A California Uber driver has been charged with raping, assaulting, and robbing four women on separate occasions while driving them home.
According to the Associated Press, 39-year-old Alfonso Alarcon-Nunez either picked up the women using the Uber app or by “pretending” to be the ride-sharing cars they had ordered, then allegedly drove them to their homes, assaulted them, and stole their personal property, such as cellphones, computers, and jewelry. Alarcon-Nunez, an undocumented immigrant from Mexico, faces 10 criminal charges.
The assaults and robberies Alarcon-Nunez has been charged for took place over the course of four weeks, starting in mid-December, in San Luis Obispo, California, according to officials. The women were between the ages 19 and 22, and three of the survivors were reportedly incapacitated at the time of the attacks.
Alarcon-Nunez had used the money-sending and receiving app Venmo to disguise his identity and Uber records, officials said, using the name “Bruno Diaz” and username “Brush Bat” on his Venmo and Uber accounts. Using DNA evidence, detectives determined Alarcon-Nunez was behind the assaults and arrested him on Jan. 17, District Attorney Dan Dow said at a press conference. Detectives are still in the process of finding additional victims and possible eye-witnesses.

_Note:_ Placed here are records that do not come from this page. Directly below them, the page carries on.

(* Let $\ell\ge 2$. There exist constants $C=C(\ell)$ and $c=c(\ell)>0$ such that the following holds. If $G$ is an $n$-vertex clean graph with average degree $d\ge Cn^{1/2}$, then the total weight of copies of $P_{\ell+1}^{\square}$ in $G$ is at least $c\,n\,d^{\ell+1}$.
   Context: An $n$-vertex graph $H$ with average degree $d$ is clean if for every edge $uv\in E(H)$, $u$ has at least $d/16$ neighbours $w$ in $H$ with $d_H(v,w)\ge \frac{d^2}{128n}$, where $d_H(v,w)$ is the number of common neighbours of $v,w$. A copy of $P_{\ell+1}^{\square}$ in $G$ is a tuple of distinct vertices $(x_0,\dots,x_\ell,y_0,\dots,y_\ell)$ with $x_iy_i\in E(G)$ for $0\le i\le\ell$ and $x_{i-1}x_i,\ y_{i-1}y_i\in E(G)$ for $1\le i\le \ell$. Its weight is $1/\prod_{i=1}^{\ell}\max\big(d_G(x_{i-1},y_i),\frac{d^2}{n}\big)$. *)

theory Defs
  imports Complex_Main
begin

definition simple_graph :: "nat set \<Rightarrow> (nat \<Rightarrow> nat \<Rightarrow> bool) \<Rightarrow> bool" where
  "simple_graph V E \<longleftrightarrow> finite V \<and> (\<forall>u v. E u v \<longrightarrow> E v u) \<and> (\<forall>u. \<not> E u u)
     \<and> (\<forall>u v. E u v \<longrightarrow> u \<in> V \<and> v \<in> V)"

definition nbhd :: "nat set \<Rightarrow> (nat \<Rightarrow> nat \<Rightarrow> bool) \<Rightarrow> nat \<Rightarrow> nat set" where
  "nbhd V E u = {w \<in> V. E u w}"

definition degree :: "nat set \<Rightarrow> (nat \<Rightarrow> nat \<Rightarrow> bool) \<Rightarrow> nat \<Rightarrow> nat" where
  "degree V E u = card (nbhd V E u)"

definition codeg :: "nat set \<Rightarrow> (nat \<Rightarrow> nat \<Rightarrow> bool) \<Rightarrow> nat \<Rightarrow> nat \<Rightarrow> nat" where
  "codeg V E v w = card (nbhd V E v \<inter> nbhd V E w)"

definition avg_degree :: "nat set \<Rightarrow> (nat \<Rightarrow> nat \<Rightarrow> bool) \<Rightarrow> real" where
  "avg_degree V E = (\<Sum>u\<in>V. real (degree V E u)) / real (card V)"

definition clean :: "nat set \<Rightarrow> (nat \<Rightarrow> nat \<Rightarrow> bool) \<Rightarrow> bool" where
  "clean V E \<longleftrightarrow> (\<forall>u v. E u v \<longrightarrow>
     real (card {w \<in> nbhd V E u. real (codeg V E v w) \<ge> (avg_degree V E)^2 / (128 * real (card V))})
       \<ge> avg_degree V E / 16)"

text \<open>Copies of the square of a path, encoded as pairs of lists (xs, ys) with
  xs = [x_0,...,x_l], ys = [y_0,...,y_l].\<close>
definition square_path_copies :: "nat set \<Rightarrow> (nat \<Rightarrow> nat \<Rightarrow> bool) \<Rightarrow> nat \<Rightarrow> (nat list \<times> nat list) set" where
  "square_path_copies V E l = {(xs, ys). length xs = Suc l \<and> length ys = Suc l
     \<and> set xs \<subseteq> V \<and> set ys \<subseteq> V \<and> distinct (xs @ ys)
     \<and> (\<forall>i\<le>l. E (xs ! i) (ys ! i))
     \<and> (\<forall>i\<in>{1..l}. E (xs ! (i - 1)) (xs ! i) \<and> E (ys ! (i - 1)) (ys ! i))}"

definition copy_weight :: "nat set \<Rightarrow> (nat \<Rightarrow> nat \<Rightarrow> bool) \<Rightarrow> nat \<Rightarrow> nat list \<times> nat list \<Rightarrow> real" where
  "copy_weight V E l c = 1 / (\<Prod>i\<in>{1..l}.
      max (real (codeg V E (fst c ! (i - 1)) (snd c ! i))) ((avg_degree V E)^2 / real (card V)))"

definition total_weight :: "nat set \<Rightarrow> (nat \<Rightarrow> nat \<Rightarrow> bool) \<Rightarrow> nat \<Rightarrow> real" where
  "total_weight V E l = (\<Sum>c\<in>square_path_copies V E l. copy_weight V E l c)"

end

theory Submission
  imports Defs
begin

text \<open>Copies are grown one rung at a time. For a copy ending in the rung \<open>x\<^sub>k y\<^sub>k\<close>,
  cleanness at the edge \<open>y\<^sub>k x\<^sub>k\<close> yields at least \<open>d/16\<close> neighbours \<open>y\<close> of \<open>y\<^sub>k\<close>
  with \<open>d(x\<^sub>k, y) \<ge> d\<^sup>2/(128n)\<close>; any common neighbour \<open>x\<close> of \<open>x\<^sub>k\<close> and \<open>y\<close> then
  completes the new rung \<open>x y\<close>, and the weight gains the factor \<open>1/max(d(x\<^sub>k,y), d\<^sup>2/n)\<close>.
  Once \<open>d\<^sup>2 \<ge> 512 l n\<close>, avoiding the at most \<open>2(k+1)\<close> vertices already used costs at most
  half of either count, so every copy passes at least \<open>(d/32)\<cdot>(1/256)\<close> times its weight
  on to the next level. Starting from the \<open>nd\<close> ordered edges, the total weight of
  the copies with \<open>l+1\<close> rungs is at least \<open>nd(d/8192)\<^sup>l\<close>.\<close>

lemma simple_graph_finite: "simple_graph V E \<Longrightarrow> finite V"
  unfolding simple_graph_def by simp

lemma finite_nbhd [simp]: "finite V \<Longrightarrow> finite (nbhd V E u)"
  unfolding nbhd_def by simp

lemma finite_square_path_copies:
  assumes "finite V"
  shows "finite (square_path_copies V E k)"
proof -
  let ?L = "{xs. set xs \<subseteq> V \<and> length xs = Suc k}"
  have "square_path_copies V E k \<subseteq> ?L \<times> ?L"
    unfolding square_path_copies_def by auto
  moreover have "finite (?L \<times> ?L)"
    using finite_lists_length_eq[OF assms] by blast
  ultimately show ?thesis
    by (rule finite_subset)
qed

lemma avg_degree_nonneg: "avg_degree V E \<ge> 0"
  unfolding avg_degree_def by (simp add: sum_nonneg)

lemma avg_degree_le_card:
  assumes "simple_graph V E"
  shows "avg_degree V E \<le> real (card V)"
proof -
  have "degree V E u \<le> card V" for u
    unfolding degree_def nbhd_def using simple_graph_finite[OF assms] by (intro card_mono) auto
  then have "(\<Sum>u\<in>V. real (degree V E u)) \<le> (\<Sum>u\<in>V. real (card V))"
    by (intro sum_mono) simp
  then have "(\<Sum>u\<in>V. real (degree V E u)) \<le> real (card V) * real (card V)"
    by simp
  then show ?thesis
    unfolding avg_degree_def by (cases "card V = 0") (simp_all add: divide_le_eq)
qed

lemma copy_weight_nonneg: "copy_weight V E k c \<ge> 0"
  unfolding copy_weight_def
  by (intro divide_nonneg_nonneg prod_nonneg) (auto intro: max.coboundedI1)

lemma total_weight_nonneg: "total_weight V E k \<ge> 0"
  unfolding total_weight_def by (intro sum_nonneg copy_weight_nonneg)

lemma last_eq_nth: "length xs = Suc k \<Longrightarrow> last xs = xs ! k"
  by (metis diff_Suc_1 last_conv_nth list.size(3) nat.distinct(1))

lemma copy_weight_snoc:
  assumes "length xs = Suc k" "length ys = Suc k"
  shows "copy_weight V E (Suc k) (xs @ [x], ys @ [y]) =
    copy_weight V E k (xs, ys) / max (real (codeg V E (last xs) y)) ((avg_degree V E)^2 / real (card V))"
proof -
  let ?M = "(avg_degree V E)^2 / real (card V)"
  have "(\<Prod>i\<in>{1..k}. max (real (codeg V E ((xs @ [x]) ! (i - 1)) ((ys @ [y]) ! i))) ?M)
      = (\<Prod>i\<in>{1..k}. max (real (codeg V E (xs ! (i - 1)) (ys ! i))) ?M)"
    using assms by (intro prod.cong) (auto simp: nth_append)
  then show ?thesis
    using assms by (simp add: copy_weight_def nth_append last_eq_nth)
qed

lemma total_weight_0_ge:
  assumes "simple_graph V E"
  shows "real (card V) * avg_degree V E \<le> total_weight V E 0"
proof -
  have fin: "finite V" using simple_graph_finite[OF assms] .
  let ?S = "SIGMA u:V. nbhd V E u"
  let ?g = "\<lambda>(u, w). ([u], [w])"
  have "?g ` ?S \<subseteq> square_path_copies V E 0"
    using assms unfolding square_path_copies_def nbhd_def simple_graph_def by auto
  moreover have "inj_on ?g ?S" by (auto simp: inj_on_def)
  ultimately have "card ?S \<le> card (square_path_copies V E 0)"
    by (metis card_image card_mono finite_square_path_copies fin)
  moreover have "card ?S = (\<Sum>u\<in>V. degree V E u)"
    using fin by (simp add: degree_def)
  moreover have "real (card V) * avg_degree V E = (\<Sum>u\<in>V. real (degree V E u))"
    unfolding avg_degree_def using fin by (cases "card V = 0") simp_all
  moreover have "total_weight V E 0 = real (card (square_path_copies V E 0))"
    by (simp add: total_weight_def copy_weight_def)
  ultimately show ?thesis by (simp flip: of_nat_sum)
qed

definition copy_vertices :: "nat list \<times> nat list \<Rightarrow> nat set" where
  "copy_vertices c = set (fst c) \<union> set (snd c)"

definition next_y_choices :: "nat set \<Rightarrow> (nat \<Rightarrow> nat \<Rightarrow> bool) \<Rightarrow> nat list \<times> nat list \<Rightarrow> nat set" where
  "next_y_choices V E c =
     {y \<in> nbhd V E (last (snd c)).
        (avg_degree V E)^2 / (128 * real (card V)) \<le> real (codeg V E (last (fst c)) y)}
     - copy_vertices c"

definition next_x_choices :: "nat set \<Rightarrow> (nat \<Rightarrow> nat \<Rightarrow> bool) \<Rightarrow> nat list \<times> nat list \<Rightarrow> nat \<Rightarrow> nat set" where
  "next_x_choices V E c y = nbhd V E (last (fst c)) \<inter> nbhd V E y - copy_vertices c"

definition extension_factor :: "nat set \<Rightarrow> (nat \<Rightarrow> nat \<Rightarrow> bool) \<Rightarrow> nat list \<times> nat list \<Rightarrow> real" where
  "extension_factor V E c = (\<Sum>y\<in>next_y_choices V E c.
     real (card (next_x_choices V E c y))
       / max (real (codeg V E (last (fst c)) y)) ((avg_degree V E)^2 / real (card V)))"

lemma card_copy_vertices_le:
  assumes "c \<in> square_path_copies V E k"
  shows "card (copy_vertices c) \<le> 2 * Suc k"
proof -
  have "card (copy_vertices c) \<le> card (set (fst c)) + card (set (snd c))"
    unfolding copy_vertices_def by (rule card_Un_le)
  also have "\<dots> \<le> length (fst c) + length (snd c)"
    by (intro add_mono card_length)
  finally show ?thesis
    using assms by (auto simp: square_path_copies_def)
qed

lemma snoc_in_square_path_copies:
  assumes G: "simple_graph V E" and c: "(xs, ys) \<in> square_path_copies V E k"
    and y: "y \<in> next_y_choices V E (xs, ys)" and x: "x \<in> next_x_choices V E (xs, ys) y"
  shows "(xs @ [x], ys @ [y]) \<in> square_path_copies V E (Suc k)"
proof -
  from c have lx: "length xs = Suc k" and ly: "length ys = Suc k"
    and rungs: "\<forall>i\<le>k. E (xs ! i) (ys ! i)"
    and rails: "\<forall>i\<in>{1..k}. E (xs ! (i - 1)) (xs ! i) \<and> E (ys ! (i - 1)) (ys ! i)"
    unfolding square_path_copies_def by auto
  from y have "E (ys ! k) y" "y \<notin> set xs \<union> set ys"
    using last_eq_nth[OF ly] unfolding next_y_choices_def nbhd_def copy_vertices_def by auto
  moreover from x have "E (xs ! k) x" "E x y" "x \<notin> set xs \<union> set ys"
    using last_eq_nth[OF lx] G
    unfolding next_x_choices_def nbhd_def copy_vertices_def simple_graph_def by auto
  moreover have "x \<noteq> y"
    using \<open>E x y\<close> G unfolding simple_graph_def by auto
  moreover have "x \<in> V" "y \<in> V"
    using \<open>E x y\<close> G unfolding simple_graph_def by auto
  ultimately show ?thesis
    using c lx ly rungs rails
    unfolding square_path_copies_def
    by (auto simp: nth_append le_Suc_eq)
qed

lemma total_weight_Suc_ge:
  assumes G: "simple_graph V E"
  shows "(\<Sum>c\<in>square_path_copies V E k. copy_weight V E k c * extension_factor V E c)
    \<le> total_weight V E (Suc k)"
proof -
  let ?P = "square_path_copies V E k"
  let ?Y = "next_y_choices V E" and ?X = "next_x_choices V E"
  let ?t = "\<lambda>c y. copy_weight V E k c
     / max (real (codeg V E (last (fst c)) y)) ((avg_degree V E)^2 / real (card V))"
  let ?S = "SIGMA c:?P. SIGMA y:?Y c. ?X c y"
  let ?g = "\<lambda>(c, y, x). (fst c @ [x], snd c @ [y])"
  have fin: "finite V" using simple_graph_finite[OF G] .
  have finY: "finite (?Y c)" and finX: "finite (?X c y)" for c y
    using fin by (auto simp: next_y_choices_def next_x_choices_def)
  have "(\<Sum>c\<in>?P. copy_weight V E k c * extension_factor V E c)
      = (\<Sum>c\<in>?P. \<Sum>y\<in>?Y c. \<Sum>x\<in>?X c y. ?t c y)"
    by (simp add: extension_factor_def sum_distrib_left mult.commute)
  also have "\<dots> = (\<Sum>c\<in>?P. \<Sum>(y, x)\<in>(SIGMA y:?Y c. ?X c y). ?t c y)"
    using finY finX by (intro sum.cong refl) (simp add: sum.Sigma del: sum_constant)
  also have "\<dots> = (\<Sum>(c, y, x)\<in>?S. ?t c y)"
    using finite_square_path_copies[OF fin] finY finX
    by (subst sum.Sigma) (auto simp: split_def)
  also have "\<dots> = (\<Sum>z\<in>?S. copy_weight V E (Suc k) (?g z))"
  proof (rule sum.cong)
    fix z assume "z \<in> ?S"
    then obtain xs ys y x where "z = ((xs, ys), y, x)" "length xs = Suc k" "length ys = Suc k"
      by (auto simp: square_path_copies_def)
    then show "(case z of (c, y, x) \<Rightarrow> ?t c y) = copy_weight V E (Suc k) (?g z)"
      by (simp add: copy_weight_snoc)
  qed simp
  also have "\<dots> = sum (copy_weight V E (Suc k)) (?g ` ?S)"
    by (subst sum.reindex) (auto simp: inj_on_def)
  also have "\<dots> \<le> total_weight V E (Suc k)"
    unfolding total_weight_def
  proof (rule sum_mono2)
    show "?g ` ?S \<subseteq> square_path_copies V E (Suc k)"
      using snoc_in_square_path_copies[OF G] by auto
  qed (use fin in \<open>simp_all add: finite_square_path_copies copy_weight_nonneg\<close>)
  finally show ?thesis .
qed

Officials said Alarcon-Nunez wasn’t actively driving for Uber during all of the crimes, sometimes cutting in front of cars to pick up women who thought they were getting into the car they had ordered. According to AP, Alarcon-Nunez entered the U.S. again after voluntarily deporting from New Mexico in 2005, and has had a driver’s license since 2015—in California, undocumented immigrants can obtain drivers licenses with eligible proof of identification and residency.
Dow told reporters that Alarcon-Nunez’s immigration status will not have an effect on the prosecution. Alarcon-Nunez has pleaded not guilty to all charges and is being held in San Luis Obispo County Jail on $1.47 million bail. His next court date is scheduled for Jan. 29.